I guess there's not much we can do about it.
Dave Hansen May 16, 2025, 3:01 p.m. UTC | #6
On 5/16/25 07:01, Kirill A. Shutemov wrote:
>> If you remove the dynamic MAX_PHYS{MEM,ADDR}_BITS, you should also
>> remove the dependency on SPARSEMEM_VMEMMAP. No?
> I guess. But how?
> 
> And is there any value to support !SPARSEMEM_VMEMMAP?

Not really, other than making sure x86 supports a really wide variety of
arch-independent options. I've used it a time or two to go looking for
bugs but I'm not sure if those originated on x86 or other architectures.
Dave Hansen May 16, 2025, 3:03 p.m. UTC | #7
On 5/16/25 07:08, Ingo Molnar wrote:
>> And is there any value to support !SPARSEMEM_VMEMMAP?
> Not really IMHO:
> 
>   .config.opensuse.default:    CONFIG_SPARSEMEM_VMEMMAP_ENABLE=y
>   .config.ubuntu.localinstall: CONFIG_SPARSEMEM_VMEMMAP_ENABLE=y
>   .config.fedora.generic:      CONFIG_SPARSEMEM_VMEMMAP_ENABLE=y
>   .config.rhel.generic:        CONFIG_SPARSEMEM_VMEMMAP_ENABLE=y

I look at the distro configs all the time as well.

But let's also not forget that none of these have lockdep turned on, and
we don't want to toss out lockdep support on x86, for example. ;)
Dave Hansen May 16, 2025, 3:08 p.m. UTC | #8
On 5/16/25 07:59, Dave Hansen wrote:
> The only option would be to make them static when using non-vmemmap
> sparsemem. But that's new-ish, and probably won't get any testing.

Something like this. But I don't particularly like it.
Ingo Molnar May 16, 2025, 3:35 p.m.
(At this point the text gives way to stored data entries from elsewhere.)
lemma proper_loss_finite_at_endpoints:
  assumes "is_loss l" "proper l"
  shows "l 0 False \<noteq> top" "l 1 True \<noteq> top"
proof -
  obtain g where g: "g \<in> {0..1}" "l g False < top" "l g True < top"
    using assms(1) unfolding is_loss_def by auto
  show "l 0 False \<noteq> top" "l 1 True \<noteq> top"
    using proper_loss_min_at_0[OF assms(2) g(1)] proper_loss_min_at_1[OF assms(2) g(1)] g
    by (auto simp: top_unique)
qed

lemma proper_expected_loss_le_superpred:
  assumes "proper l" "p \<in> {0..1}" "l p True \<noteq> top" "l p False \<noteq> top"
    and "(x, y) \<in> superpred l"
  shows "p * enn2real (l p True) + (1-p) * enn2real (l p False) \<le> p * y + (1-p) * x"
proof -
  obtain q where q: "q \<in> {0..1}" "l q False \<le> ennreal x" "l q True \<le> ennreal y" "x \<ge> 0" "y \<ge> 0"
    using assms(5) unfolding superpred_def by auto
  have "ennreal (p * enn2real (l p True) + (1-p) * enn2real (l p False))
      = ennreal p * l p True + ennreal (1-p) * l p False"
    using assms(2-4) by (simp add: ennreal_mult ennreal_enn2real less_top)
  also have "\<dots> \<le> ennreal p * l q True + ennreal (1-p) * l q False"
    using assms(1,2) q(1) unfolding proper_def by auto
  also have "\<dots> \<le> ennreal p * ennreal y + ennreal (1-p) * ennreal x"
    using q by (intro add_mono mult_left_mono) auto
  also have "\<dots> = ennreal (p * y + (1-p) * x)"
    using assms(2) q by (simp add: ennreal_mult)
  finally show ?thesis
    using assms(2) q by (subst (asm) ennreal_le_iff) auto
qed

lemma proper_mixable_exp_loss_ratio_le_1:
  assumes L: "is_loss l" and P: "proper l" and M: "eta_mixable c l" and c: "c > 0"
    and p: "0 < p" "p < 1" and g: "g \<in> {0..1}" "l g True \<noteq> top" "l g False \<noteq> top"
  shows "p * (exp_loss c (l g True) / exp_loss c (l p True))
       + (1-p) * (exp_loss c (l g False) / exp_loss c (l p False)) \<le> 1"
proof -
  note fin = proper_loss_finite_interior[OF L P p]
  define a0 a1 where "a0 = enn2real (l p False)" and "a1 = enn2real (l p True)"
  define u0 u1 g0 g1 where "u0 = exp_loss c (l p False)" and "u1 = exp_loss c (l p True)"
    and "g0 = exp_loss c (l g False)" and "g1 = exp_loss c (l g True)"
  have pos: "u0 > 0" "u1 > 0" "g0 > 0" "g1 > 0"
    using fin g(2,3) by (auto simp: u0_def u1_def g0_def g1_def exp_loss_pos)
  define K where "K = (\<lambda>(x, y). (exp (- c * x), exp (- c * y))) ` superpred l"
  have in_K: "(exp_loss c (l q False), exp_loss c (l q True)) \<in> K"
    if "q \<in> {0..1}" "l q False \<noteq> top" "l q True \<noteq> top" for q
    using that unfolding K_def superpred_def
    by (intro image_eqI[of _ _ "(enn2real (l q False), enn2real (l q True))"])
       (auto simp: exp_loss_def less_top)
  txt \<open>The expected log-score of the mixture of \<open>p\<close> and \<open>g\<close> with weight \<open>e\<close>; the claim
    is \<open>f' 0 \<le> 0\<close>.\<close>
  define f where "f e = (1-p) * ln ((1-e)*u0 + e*g0) + p * ln ((1-e)*u1 + e*g1)" for e
  have f_max: "f e \<le> f 0" if e: "0 \<le> e" "e \<le> 1" for e
  proof -
    have "(u0, u1) \<in> K" "(g0, g1) \<in> K"
      using in_K[of p] in_K[of g] p fin g unfolding u0_def u1_def g0_def g1_def by auto
    then have "(1-e) *\<^sub>R (u0, u1) + e *\<^sub>R (g0, g1) \<in> K"
      using M e unfolding eta_mixable_def K_def[symmetric] by (intro convexD) auto
    then obtain x y where xy: "(x, y) \<in> superpred l"
      and mix: "(1-e)*u0 + e*g0 = exp (- c * x)" "(1-e)*u1 + e*g1 = exp (- c * y)"
      unfolding K_def by auto
    have "f e = - c * (p * y + (1-p) * x)"
      unfolding f_def mix by (simp add: algebra_simps)
    also have "\<dots> \<le> - c * (p * a1 + (1-p) * a0)"
      using proper_expected_loss_le_superpred[OF P _ fin xy] p c unfolding a0_def a1_def by simp
    also have "\<dots> = f 0"
      using fin by (simp add: f_def u0_def u1_def a0_def a1_def exp_loss_def algebra_simps)
    finally show ?thesis .
  qed
  define D where "D = (1-p) * ((g0 - u0) / u0) + p * ((g1 - u1) / u1)"
  have "(f has_real_derivative D) (at 0)"
    unfolding f_def D_def using pos by (auto intro!: derivative_eq_intros simp: field_simps)
  moreover have "\<not> (\<forall>h>0. h < d \<longrightarrow> f 0 < f (0 + h))" if "d > 0" for d
    using f_max[of "min (d/2) 1"] that by (auto intro!: exI[of _ "min (d/2) 1"])
  ultimately have "D \<le> 0"
    using DERIV_pos_inc_right[of f D 0] by (meson not_le)
  then show ?thesis
    using pos unfolding D_def u0_def u1_def g0_def g1_def by (simp add: field_simps)
qed

definition weight_factor :: "real \<Rightarrow> loss \<Rightarrow> real \<Rightarrow> real \<Rightarrow> bool \<Rightarrow> ennreal" where
  "weight_factor c l g p b = ennreal (exp_loss c (l g b)) / ennreal (exp_loss c (l p b))"

lemma weight_factor_finite:
  "l p b \<noteq> top \<Longrightarrow> weight_factor c l g p b = ennreal (exp_loss c (l g b) / exp_loss c (l p b))"
  unfolding weight_factor_def by (simp add: divide_ennreal exp_loss_nonneg exp_loss_pos)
UTC | #9
* Dave Hansen <dave.hansen@intel.com> wrote:

> On 5/16/25 07:08, Ingo Molnar wrote:
> >> And is there any value to support !SPARSEMEM_VMEMMAP?
> > Not really IMHO:
> > 
> >   .config.opensuse.default:    CONFIG_SPARSEMEM_VMEMMAP_ENABLE=y
> >   .config.ubuntu.localinstall: CONFIG_SPARSEMEM_VMEMMAP_ENABLE=y
> >   .config.fedora.generic:      CONFIG_SPARSEMEM_VMEMMAP_ENABLE=y
> >   .config.rhel.generic:        CONFIG_SPARSEMEM_VMEMMAP_ENABLE=y
> 
> I look at the distro configs all the time as well.
> 
> But let's also not forget that none of these have lockdep turned on,

Not actually true, quite a few distro debug kernel packages have 
lockdep on, and it's often enabled in internal QA rigs as well.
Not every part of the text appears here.